Yang paling jauh, mereka menjadi ketakutan sehingga tidak bisa berpikir jernih atau tenang. Emosinya berkuasa. Pernahkah merasa demikian?
Saat jatuh cinta, orang bisa berjarak dengan kenyataan. Cinta membuat buta akan segalanya hingga sulit membedakan fakta dan fiksi.
Seorang ahli psikoanalisa mengatakan kegilaan ini merupakan hal yang buruk karena tidak nyata tetapi direspon seolah benar terjadi. Dalam satu dua hal, memang menarik untuk terjebak dalam drama cinta yang baru. Tapi kegilaan itu sangat tidak nyaman. Penuh dengan ketakutan dan kecemasan. Nah, semakin banyak keputusan yang digunakan berdasarkan penilaian yang tidak akurat tentang apa yang terjadi, maka akan semakin besar kekacauan yang akan dihadapi.

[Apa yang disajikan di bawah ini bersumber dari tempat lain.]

(* Let $T>0$, $\xi\in C^{1+\beta}([0,T])$ with $\beta>1/2$, and $f\in C^{1/2}([0,T])$. For $0\le s<t\le T$ let $$K(t,s)=\frac{\xi(t)-\xi(s)}{t-s}\,\frac{e^{-\frac{(\xi(t)-\xi(s))^2}{4(t-s)}}}{(t-s)^{1/2}},$$ and define $g(t)=\int_0^tK(t,s)f(s)\,ds$ for $t\in[0,T]$. Then $g\in C^{1/2}([0,T])$. *)

theory Defs
  imports "HOL-Analysis.Analysis"
begin

text \<open>Hoelder space C^alpha(S) for 0 < alpha: functions on S with finite
  alpha-Hoelder seminorm (on a compact interval this implies continuity and boundedness).\<close>
definition holder_on :: "real \<Rightarrow> real set \<Rightarrow> (real \<Rightarrow> real) \<Rightarrow> bool" where
  "holder_on \<alpha> S f \<longleftrightarrow> (\<exists>C. \<forall>x\<in>S. \<forall>y\<in>S. \<bar>f x - f y\<bar> \<le> C * \<bar>x - y\<bar> powr \<alpha>)"

definition C1_holder_on :: "real \<Rightarrow> real set \<Rightarrow> (real \<Rightarrow> real) \<Rightarrow> bool" where
  "C1_holder_on \<beta> S f \<longleftrightarrow>
     (\<exists>f'. (\<forall>t\<in>S. (f has_real_derivative f' t) (at t within S)) \<and> holder_on \<beta> S f')"

text \<open>The kernel K(t,s), meant for s < t.\<close>
definition kernelK :: "(real \<Rightarrow> real) \<Rightarrow> real \<Rightarrow> real \<Rightarrow> real" where
  "kernelK \<xi> t s = (\<xi> t - \<xi> s) / (t - s) *
      (exp (- ((\<xi> t - \<xi> s)^2 / (4 * (t - s)))) / (t - s) powr (1/2))"

end

theory Submission
  imports Defs
begin

text \<open>Write K(t,s) = \<phi>(q(t,s), t - s) / sqrt (t - s) with q(t,s) = (\<xi> t - \<xi> s) / (t - s) and
  \<phi>(q,r) = q exp (- q^2 r / 4). By the mean value theorem q is bounded, and since \<xi>' is
  1/2-Hoelder (only \<beta> \<ge> 1/2 is needed), q(\<cdot>,s) is 1/2-Hoelder in t uniformly in s; \<phi> is
  Lipschitz on bounded sets. Hence, for s < t' < t,
    \<bar>K(t,s)\<bar> \<le> A (t - s)^(-1/2),
    \<bar>K(t,s) - K(t',s)\<bar> \<le> L (t - t')^(1/2) (t - s)^(-1/2) + A ((t' - s)^(-1/2) - (t - s)^(-1/2)),
  and multiplying K by the bounded function f preserves these bounds. For such a kernel,
  g(t) - g(t') is the integral of K(t,\<cdot>) f over [t', t], which is O((t - t')^(1/2)), plus the
  integral of the difference over [0, t'], whose bound integrates to O((t - t')^(1/2)) because its
  second term telescopes.\<close>

section \<open>Hoelder continuous functions\<close>

lemma holder_on_nonneg_constant:
  "holder_on \<alpha> S f \<longleftrightarrow> (\<exists>C\<ge>0. \<forall>x\<in>S. \<forall>y\<in>S. \<bar>f x - f y\<bar> \<le> C * \<bar>x - y\<bar> powr \<alpha>)"
proof
  assume "holder_on \<alpha> S f"
  then obtain C where C: "\<forall>x\<in>S. \<forall>y\<in>S. \<bar>f x - f y\<bar> \<le> C * \<bar>x - y\<bar> powr \<alpha>"
    unfolding holder_on_def by blast
  have "\<bar>f x - f y\<bar> \<le> max C 0 * \<bar>x - y\<bar> powr \<alpha>" if "x \<in> S" "y \<in> S" for x y
    using C that by (intro order_trans[OF _ mult_right_mono[OF max.cobounded1 powr_ge_zero]]) blast
  then show "\<exists>C\<ge>0. \<forall>x\<in>S. \<forall>y\<in>S. \<bar>f x - f y\<bar> \<le> C * \<bar>x - y\<bar> powr \<alpha>"
    by (intro exI[of _ "max C 0"]) auto
qed (auto simp: holder_on_def)

lemma holder_onI_ordered:
  assumes "\<And>x y. x \<in> S \<Longrightarrow> y \<in> S \<Longrightarrow> x < y \<Longrightarrow> \<bar>g y - g x\<bar> \<le> C * (y - x) powr \<alpha>"
  shows "holder_on \<alpha> S g"
  unfolding holder_on_def
proof (intro exI ballI)
  fix x y assume xy: "x \<in> S" "y \<in> S"
  consider "x < y" | "x = y" | "y < x" by linarith
  then show "\<bar>g x - g y\<bar> \<le> C * \<bar>x - y\<bar> powr \<alpha>"
  proof cases
    case 1
    then show ?thesis using assms[OF xy 1] by (simp add: abs_minus_commute[of x] abs_minus_commute[of "g x"])
  next
    case 3
    then show ?thesis using assms[OF xy(2,1) 3] by simp
  qed simp
qed

lemma holder_on_exponent_mono:
  assumes "holder_on \<beta> S f" "\<alpha> \<le> \<beta>" "S \<subseteq> {a..b}"
  shows "holder_on \<alpha> S f"
proof -
  obtain C where "C \<ge> 0" and C: "\<forall>x\<in>S. \<forall>y\<in>S. \<bar>f x - f y\<bar> \<le> C * \<bar>x - y\<bar> powr \<beta>"
    using assms(1) by (auto simp: holder_on_nonneg_constant)
  have "\<bar>f x - f y\<bar> \<le> C * (b - a) powr (\<beta> - \<alpha>) * \<bar>x - y\<bar> powr \<alpha>" if "x \<in> S" "y \<in> S" for x y
  proof -
    have "\<bar>x - y\<bar> powr \<beta> = \<bar>x - y\<bar> powr (\<beta> - \<alpha>) * \<bar>x - y\<bar> powr \<alpha>"
      by (simp flip: powr_add)
    also have "\<dots> \<le> (b - a) powr (\<beta> - \<alpha>) * \<bar>x - y\<bar> powr \<alpha>"
      using assms(2) subsetD[OF assms(3) that(1)] subsetD[OF assms(3) that(2)]
      by (intro mult_right_mono powr_mono2) auto
    finally have "C * \<bar>x - y\<bar> powr \<beta> \<le> C * ((b - a) powr (\<beta> - \<alpha>) * \<bar>x - y\<bar> powr \<alpha>)"
      using \<open>C \<ge> 0\<close> by (rule mult_left_mono)
    with C that show ?thesis
      unfolding mult.assoc by (meson order_trans)
  qed
  then show ?thesis unfolding holder_on_def by blast
qed

lemma holder_on_bounded:
  assumes "holder_on \<alpha> S f" "0 \<le> \<alpha>" "S \<subseteq> {a..b}" "x\<^sub>0 \<in> S"
  obtains B where "\<And>x. x \<in> S \<Longrightarrow> \<bar>f x\<bar> \<le> B"
proof -
  obtain C where "C \<ge> 0" and C: "\<forall>x\<in>S. \<forall>y\<in>S. \<bar>f x - f y\<bar> \<le> C * \<bar>x - y\<bar> powr \<alpha>"
    using assms(1) by (auto simp: holder_on_nonneg_constant)
  have "\<bar>f x\<bar> \<le> \<bar>f x\<^sub>0\<bar> + C * (b - a) powr \<alpha>" if x: "x \<in> S" for x
  proof -
    have "\<bar>f x - f x\<^sub>0\<bar> \<le> C * \<bar>x - x\<^sub>0\<bar> powr \<alpha>" using C x assms(4) by blast
    also have "\<dots> \<le> C * (b - a) powr \<alpha>"
      using assms(2) subsetD[OF assms(3) x] subsetD[OF assms(3,4)] \<open>C \<ge> 0\<close>
      by (intro mult_left_mono powr_mono2) auto
    finally show ?thesis by linarith
  qed
  then show ?thesis by (rule that)
qed

lemma holder_on_imp_continuous_on:
  assumes "0 < \<alpha>" "holder_on \<alpha> S f"
  shows "continuous_on S f"
proof -
  obtain C where C: "\<And>x y. x \<in> S \<Longrightarrow> y \<in> S \<Longrightarrow> \<bar>f x - f y\<bar> \<le> C * \<bar>x - y\<bar> powr \<alpha>"
    using assms(2) unfolding holder_on_def by blast
  show ?thesis
    unfolding continuous_on_def
  proof
    fix x assume x: "x \<in> S"
    have "((\<lambda>y. C * \<bar>y - x\<bar> powr \<alpha>) \<longlongrightarrow> C * \<bar>x - x\<bar> powr \<alpha>) (at x within S)"
      using assms(1) by (intro tendsto_intros) auto
    then have "((\<lambda>y. C * \<bar>y - x\<bar> powr \<alpha>) \<longlongrightarrow> 0) (at x within S)"
      by simp
    then have "((\<lambda>y. f y - f x) \<longlongrightarrow> 0) (at x within S)"
      by (rule Lim_null_comparison[rotated]) (auto simp: eventually_at_filter C x)
    then show "(f \<longlongrightarrow> f x) (at x within S)"
      by (simp add: LIM_zero_iff)
  qed
qed

section \<open>Difference quotients\<close>

lemma sqrt_mult_divide_self:
  fixes x u :: real
  assumes "0 < x"
  shows "sqrt x * (u / x) = u / sqrt x"
  using assms by (smt (verit, del_insts) mult.commute nonzero_eq_divide_eq real_div_sqrt times_divide_eq_right)

definition difference_quotient :: "(real \<Rightarrow> real) \<Rightarrow> real \<Rightarrow> real \<Rightarrow> real" where
  "difference_quotient \<xi> t s = (\<xi> t - \<xi> s) / (t - s)"

lemma difference_quotient_mvt:
  assumes deriv: "\<And>x. x \<in> {a..b} \<Longrightarrow> (\<xi> has_real_derivative \<xi>' x) (at x within {a..b})"
    and "a \<le> s" "s < t" "t \<le> b"
  obtains c where "s < c" "c < t" "difference_quotient \<xi> t s = \<xi>' c"
proof -
  have "\<exists>c\<in>{s<..<t}. \<xi> t - \<xi> s = (\<lambda>h. \<xi>' c * h) (t - s)"
  proof (rule mvt_simple)
    fix x assume "s \<le> x" "x \<le> t"
    then have "(\<xi> has_real_derivative \<xi>' x) (at x within {a..b})"
      using deriv assms by auto
    then have "(\<xi> has_real_derivative \<xi>' x) (at x within {s..t})"
      by (rule DERIV_subset) (use assms in auto)
    then show "(\<xi> has_derivative (\<lambda>h. \<xi>' x * h)) (at x within {s..t})"
      by (simp add: has_field_derivative_def)
  qed fact
  then show ?thesis
    using that \<open>s < t\<close> by (auto simp: difference_quotient_def)
qed

lemma abs_difference_quotient_le:
  assumes "\<And>x. x \<in> {a..b} \<Longrightarrow> (\<xi> has_real_derivative \<xi>' x) (at x within {a..b})"
    and "\<And>x. x \<in> {a..b} \<Longrightarrow> \<bar>\<xi>' x\<bar> \<le> M"
    and "a \<le> s" "s < t" "t \<le> b"
  shows "\<bar>difference_quotient \<xi> t s\<bar> \<le> M"
proof -
  obtain c where "s < c" "c < t" "difference_quotient \<xi> t s = \<xi>' c"
    using difference_quotient_mvt[OF assms(1,3-5)] .
  then show ?thesis using assms(2)[of c] assms(3-5) by auto
qed

text \<open>By the mean value theorem the difference equals (\<xi>'(c) - \<xi>'(d)) (t - t') / (t - s) for some
  c in (t', t) and d in (s, t'); the factor (t - t') / (t - s) absorbs sqrt \<bar>c - d\<bar> \<le> sqrt (t - s).\<close>
lemma difference_quotient_holder:
  assumes deriv: "\<And>x. x \<in> {a..b} \<Longrightarrow> (\<xi> has_real_derivative \<xi>' x) (at x within {a..b})"
    and holder: "\<And>x y. x \<in> {a..b} \<Longrightarrow> y \<in> {a..b} \<Longrightarrow> \<bar>\<xi>' x - \<xi>' y\<bar> \<le> H * sqrt \<bar>x - y\<bar>"
    and "0 \<le> H" and st: "a \<le> s" "s < t'" "t' < t" "t \<le> b"
  shows "\<bar>difference_quotient \<xi> t s - difference_quotient \<xi> t' s\<bar> \<le> H * sqrt (t - t')"
proof -
  obtain c where c: "t' < c" "c < t" "difference_quotient \<xi> t t' = \<xi>' c"
    using difference_quotient_mvt[OF deriv, of t' t] st by auto
  obtain d where d: "s < d" "d < t'" "difference_quotient \<xi> t' s = \<xi>' d"
    using difference_quotient_mvt[OF deriv, of s t'] st by auto
  have "difference_quotient \<xi> t s
      = (difference_quotient \<xi> t t' * (t - t') + difference_quotient \<xi> t' s * (t' - s)) / (t - s)"
    using st by (simp add: difference_quotient_def add_divide_distrib [symmetric])
  then have "difference_quotient \<xi> t s - difference_quotient \<xi> t' s = (\<xi>' c - \<xi>' d) * ((t - t') / (t - s))"
    using st c d by (simp add: field_simps)
  also have "\<bar>\<dots>\<bar> = \<bar>\<xi>' c - \<xi>' d\<bar> * ((t - t') / (t - s))"
    using st by (simp add: abs_mult)
  also have "\<dots> \<le> H * sqrt (t - s) * ((t - t') / (t - s))"
  proof (rule mult_right_mono)
    have "\<bar>\<xi>' c - \<xi>' d\<bar> \<le> H * sqrt \<bar>c - d\<bar>"
      using st c d by (intro holder) auto
    also have "\<dots> \<le> H * sqrt (t - s)"
      using c d \<open>0 \<le> H\<close> by (intro mult_left_mono) auto
    finally show "\<bar>\<xi>' c - \<xi>' d\<bar> \<le> H * sqrt (t - s)" .
  qed (use st in simp)
  also have "\<dots> = H * (sqrt (t - s) * ((t - t') / (t - s)))"
    by (rule mult.assoc)
  also have "\<dots> = H * ((t - t') / sqrt (t - s))"
    using st by (subst sqrt_mult_divide_self) auto
  also have "\<dots> \<le> H * ((t - t') / sqrt (t - t'))"
    using st \<open>0 \<le> H\<close> by (intro mult_left_mono divide_left_mono) auto
  also have "\<dots> = H * sqrt (t - t')"
    using st by (simp add: real_div_sqrt)
  finally show ?thesis .
qed
text \<open>Weighted adjacency matrices over a field (matrices indexed by V, given as
  functions whose values outside V x V are irrelevant), and involutory ones.\<close>

definition weighted_adjacency :: "'a graph \<Rightarrow> ('a \<Rightarrow> 'a \<Rightarrow> 'f::field) \<Rightarrow> bool" where
  "weighted_adjacency G A \<longleftrightarrow>
     (\<forall>u\<in>verts G. \<forall>v\<in>verts G. A u v \<noteq> 0 \<longleftrightarrow> adjacent G u v)"

definition involutory :: "'a set \<Rightarrow> ('a \<Rightarrow> 'a \<Rightarrow> 'f::field) \<Rightarrow> bool" where
  "involutory V A \<longleftrightarrow>
     (\<forall>u\<in>V. \<forall>v\<in>V. (\<Sum>w\<in>V. A u w * A w v) = (if u = v then 1 else 0))"

definition involutory_wadj :: "'a graph \<Rightarrow> ('a \<Rightarrow> 'a \<Rightarrow> 'f::field) set" where
  "involutory_wadj G = {A. weighted_adjacency G A \<and> involutory (verts G) A}"

definition cart_prod :: "'a graph \<Rightarrow> 'b graph \<Rightarrow> ('a \<times> 'b) graph" where
  "cart_prod G H =
     (verts G \<times> verts H,
      {{(g, h1), (g, h2)} | g h1 h2. g \<in> verts G \<and> {h1, h2} \<in> edges H} \<union>
      {{(g1, h), (g2, h)} | g1 g2 h. {g1, g2} \<in> edges G \<and> h \<in> verts H})"

definition cycle :: "nat \<Rightarrow> nat graph" where
  "cycle m = ({0..<m}, {{i, (i + 1) mod m} | i. i < m})"

end

theory Submission
  imports Defs "HOL-Computational_Algebra.Polynomial"
begin

(* Upper bound: match each copy of C_2k in G \<box> C_2k along one of its two perfect matchings,
   the choice alternating with the side of G.  One edge per copy forces all the others,
   layer by layer around the cycle.

   Lower bound: from an involutory weighted adjacency matrix A of G one builds a weighted
   adjacency matrix W of G \<box> C_2k over F[t] with 2n linearly independent kernel vectors.
   In a bipartite graph a kernel vector of W that vanishes on the vertices covered by a
   forcing set S vanishes everywhere: otherwise its support inside one colour class carries
   alternating cycles that avoid S.  Hence 2n \<le> |\<Union>S| \<le> 2|S|. *)

section \<open>Perfect matchings\<close>

lemma simple_graph_edgeE:
  assumes "simple_graph H" "e \<in> edges H"
  obtains u v where "u \<noteq> v" "u \<in> verts H" "v \<in> verts H" "e = {u, v}"
  using assms unfolding simple_graph_def by blast

lemma simple_graph_edge_verts:
  "simple_graph H \<Longrightarrow> {u, v} \<in> edges H \<Longrightarrow> u \<noteq> v \<and> u \<in> verts H \<and> v \<in> verts H"
  by (elim simple_graph_edgeE) (auto simp: doubleton_eq_iff)

lemma finite_edges: "simple_graph H \<Longrightarrow> finite (edges H)"
  by (rule finite_subset[of _ "Pow (verts H)"]) (auto simp: simple_graph_def)

lemma perfect_matching_edge_unique:
  "perfect_matching H M \<Longrightarrow> v \<in> verts H \<Longrightarrow> e \<in> M \<Longrightarrow> e' \<in> M \<Longrightarrow> v \<in> e \<Longrightarrow> v \<in> e' \<Longrightarrow> e = e'"
  unfolding perfect_matching_def by blast

definition mate :: "'a set set \<Rightarrow> 'a \<Rightarrow> 'a" where
  "mate M v = (THE u. {v, u} \<in> M)"

lemma mate_eqI:
  assumes "perfect_matching H M" "v \<in> verts H" "{v, u} \<in> M"
  shows "mate M v = u"
  unfolding mate_def
proof (rule the_equality)
  show "u' = u" if "{v, u'} \<in> M" for u'
    using perfect_matching_edge_unique[OF assms(1,2) that assms(3)] by (auto simp: doubleton_eq_iff)
qed (fact assms(3))

lemma mate_in_matching:
  assumes H: "simple_graph H" and M: "perfect_matching H M" and v: "v \<in> verts H"
  shows "{v, mate M v} \<in> M" "mate M v \<noteq> v" "mate M v \<in> verts H"
proof -
  obtain e where e: "e \<in> M" "v \<in> e" using M v unfolding perfect_matching_def by blast
  then have "e \<in> edges H" using M unfolding perfect_matching_def by auto
  then obtain a b where ab: "a \<noteq> b" "a \<in> verts H" "b \<in> verts H" "e = {a, b}"
    by (rule simple_graph_edgeE[OF H])
  then obtain u where u: "e = {v, u}" "u \<noteq> v" "u \<in> verts H"
    using e(2) by (auto simp: insert_commute)
  then have "mate M v = u" using mate_eqI[OF M v] e(1) by simp
  then show "{v, mate M v} \<in> M" "mate M v \<noteq> v" "mate M v \<in> verts H" using e(1) u by auto
qed

lemma mate_mate:
  assumes "simple_graph H" "perfect_matching H M" "v \<in> verts H"
  shows "mate M (mate M v) = v"
  using mate_eqI[OF assms(2) mate_in_matching(3)[OF assms]] mate_in_matching(1)[OF assms]
  by (simp add: insert_commute)

lemma perfect_matching_edge_eq_mate:
  assumes "simple_graph H" "perfect_matching H M" "e \<in> M" "v \<in> e"
  shows "e = {v, mate M v}"
proof -
  have "e \<in> edges H" using assms(2,3) unfolding perfect_matching_def by auto
  then have "v \<in> verts H" using assms(1,4) by (auto elim: simple_graph_edgeE)
  then show ?thesis
    using perfect_matching_edge_unique[OF assms(2) _ assms(3) mate_in_matching(1)[OF assms(1,2)]]
      assms(4)
    by simp
qed

lemma perfect_matching_of_involution:
  assumes "\<And>v. v \<in> verts H \<Longrightarrow> m v \<in> verts H \<and> m v \<noteq> v \<and> m (m v) = v \<and> {v, m v} \<in> edges H"
  shows "perfect_matching H {{v, m v} | v. v \<in> verts H}"
  unfolding perfect_matching_def
proof (intro conjI ballI)
  fix v assume v: "v \<in> verts H"
  have "e = {v, m v}" if e: "e \<in> {{v, m v} | v. v \<in> verts H}" "v \<in> e" for e
  proof -
    obtain u where u: "u \<in> verts H" "e = {u, m u}" using e(1) by blast
    then have "v = u \<or> v = m u" using e(2) by auto
    then show ?thesis using u assms[of u] by (auto simp: insert_commute)
  qed
  then show "\<exists>!e. e \<in> {{v, m v} | v. v \<in> verts H} \<and> v \<in> e" using v by blast
qed (use assms in blast)

lemma perfect_matching_subset_eq:
  assumes "simple_graph H" "perfect_matching H M" "perfect_matching H M'" "M \<subseteq> M'"
  shows "M' = M"
proof
  show "M' \<subseteq> M"
  proof
    fix e assume e: "e \<in> M'"
    then obtain u v where uv: "u \<in> verts H" "e = {u, v}"
      using assms(1,3) unfolding perfect_matching_def by (blast elim: simple_graph_edgeE)
    have uM: "{u, mate M u} \<in> M" by (rule mate_in_matching(1)[OF assms(1,2) uv(1)])
    then have "mate M' u = mate M u" using mate_eqI[OF assms(3) uv(1)] assms(4) by blast
    moreover have "e = {u, mate M' u}"
      using perfect_matching_edge_eq_mate[OF assms(1,3) e] uv by simp
    ultimately show "e \<in> M" using uM by simp
  qed
qed (fact assms(4))

lemma forcing_set_self:
  "simple_graph H \<Longrightarrow> perfect_matching H M \<Longrightarrow> forcing_set H M M"
  unfolding forcing_set_def by (metis perfect_matching_subset_eq order_refl)

lemma min_forcing_number_eqI:
  assumes H: "simple_graph H" and M: "perfect_matching H M" "forcing_set H M S" "card S = n"
    and lower: "\<And>M S. perfect_matching H M \<Longrightarrow> forcing_set H M S \<Longrightarrow> n \<le> card S"
  shows "min_forcing_number H = n"
proof -
  have fin: "finite {card S | S. forcing_set H M' S}" if "perfect_matching H M'" for M'
  proof (rule finite_subset)
    show "{card S | S. forcing_set H M' S} \<subseteq> card ` Pow (edges H)"
      using that unfolding forcing_set_def perfect_matching_def by (auto intro!: imageI)
  qed (simp add: finite_edges[OF H])
  have ge: "n \<le> forcing_number H M'" if M': "perfect_matching H M'" for M'
  proof -
    have "{card S | S. forcing_set H M' S} \<noteq> {}" using forcing_set_self[OF H M'] by blast
    then show ?thesis
      unfolding forcing_number_def using fin[OF M'] lower[OF M'] by (subst Min_ge_iff) blast+
  qed
  have "forcing_number H M = n"
    unfolding forcing_number_def using fin[OF M(1)] lower[OF M(1)] M(2,3) by (intro Min_eqI) blast+
  moreover have "finite {forcing_number H M | M. perfect_matching H M}"
  proof (rule finite_subset)
    show "{forcing_number H M | M. perfect_matching H M} \<subseteq> forcing_number H ` Pow (edges H)"
      unfolding perfect_matching_def by (auto intro!: imageI)
  qed (simp add: finite_edges[OF H])
  ultimately show ?thesis
    unfolding min_forcing_number_def using M(1) ge by (intro Min_eqI) blast+
qed

lemma mate_eq_last_free_neighbour:
  assumes H: "simple_graph H" and M: "perfect_matching H M" and v: "v \<in> verts H"
    and others: "\<And>w. {v, w} \<in> edges H \<Longrightarrow> w \<noteq> u \<Longrightarrow> mate M w \<noteq> v"
  shows "mate M v = u"
proof (rule ccontr)
  assume "mate M v \<noteq> u"
  moreover have "{v, mate M v} \<in> edges H"
    using mate_in_matching(1)[OF H M v] M unfolding perfect_matching_def by auto
  ultimately show False using others mate_mate[OF H M v] by blast
qed

text \<open>The mate function after switching \<open>M\<close> along the alternating cycles
  \<open>c, mate M c, f c, mate M (f c), \<dots>\<close> through \<open>C\<close>: now \<open>f c\<close> is matched to \<open>mate M c\<close>.\<close>

definition switch_mate :: "'a set set \<Rightarrow> 'a set \<Rightarrow> ('a \<Rightarrow> 'a) \<Rightarrow> 'a \<Rightarrow> 'a" where
  "switch_mate M C f v =
     (if v \<in> C then mate M (the_inv_into C f v)
      else if mate M v \<in> C then f (mate M v) else mate M v)"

Ada kejadian misalnya, seseorang belum pernah mendengar sesuatu dari pasangan yang romantis dan membiarkan diri membuat asumsi bahwa itu karena orang tersebut tidak menyukainya. Sebagai reaksi terhadap asumsi itu, seseorang kemudian putus asa. Akibatnya, pesan singkat hanya dibalas pendek-pendek kurang genit. Padahal, jika orang ini benar-benar menyukai dan artinya asumsi tidak menyukai itu salah, maka akan berisiko membuat mereka merasa tidak diinginkan.
Jika kemudian kegilaan itu memang tidak nyaman dan tidak membuat produktif, mengapa seseorang kemudian banyak yang menuju ke sana? Jawaban singkatnya: karena takut. Saat seseorang takut maka akan sulit untuk tenang dan berpikir serta melihat hubungan dengan cara yang lebih kompleks dan tidak realistis.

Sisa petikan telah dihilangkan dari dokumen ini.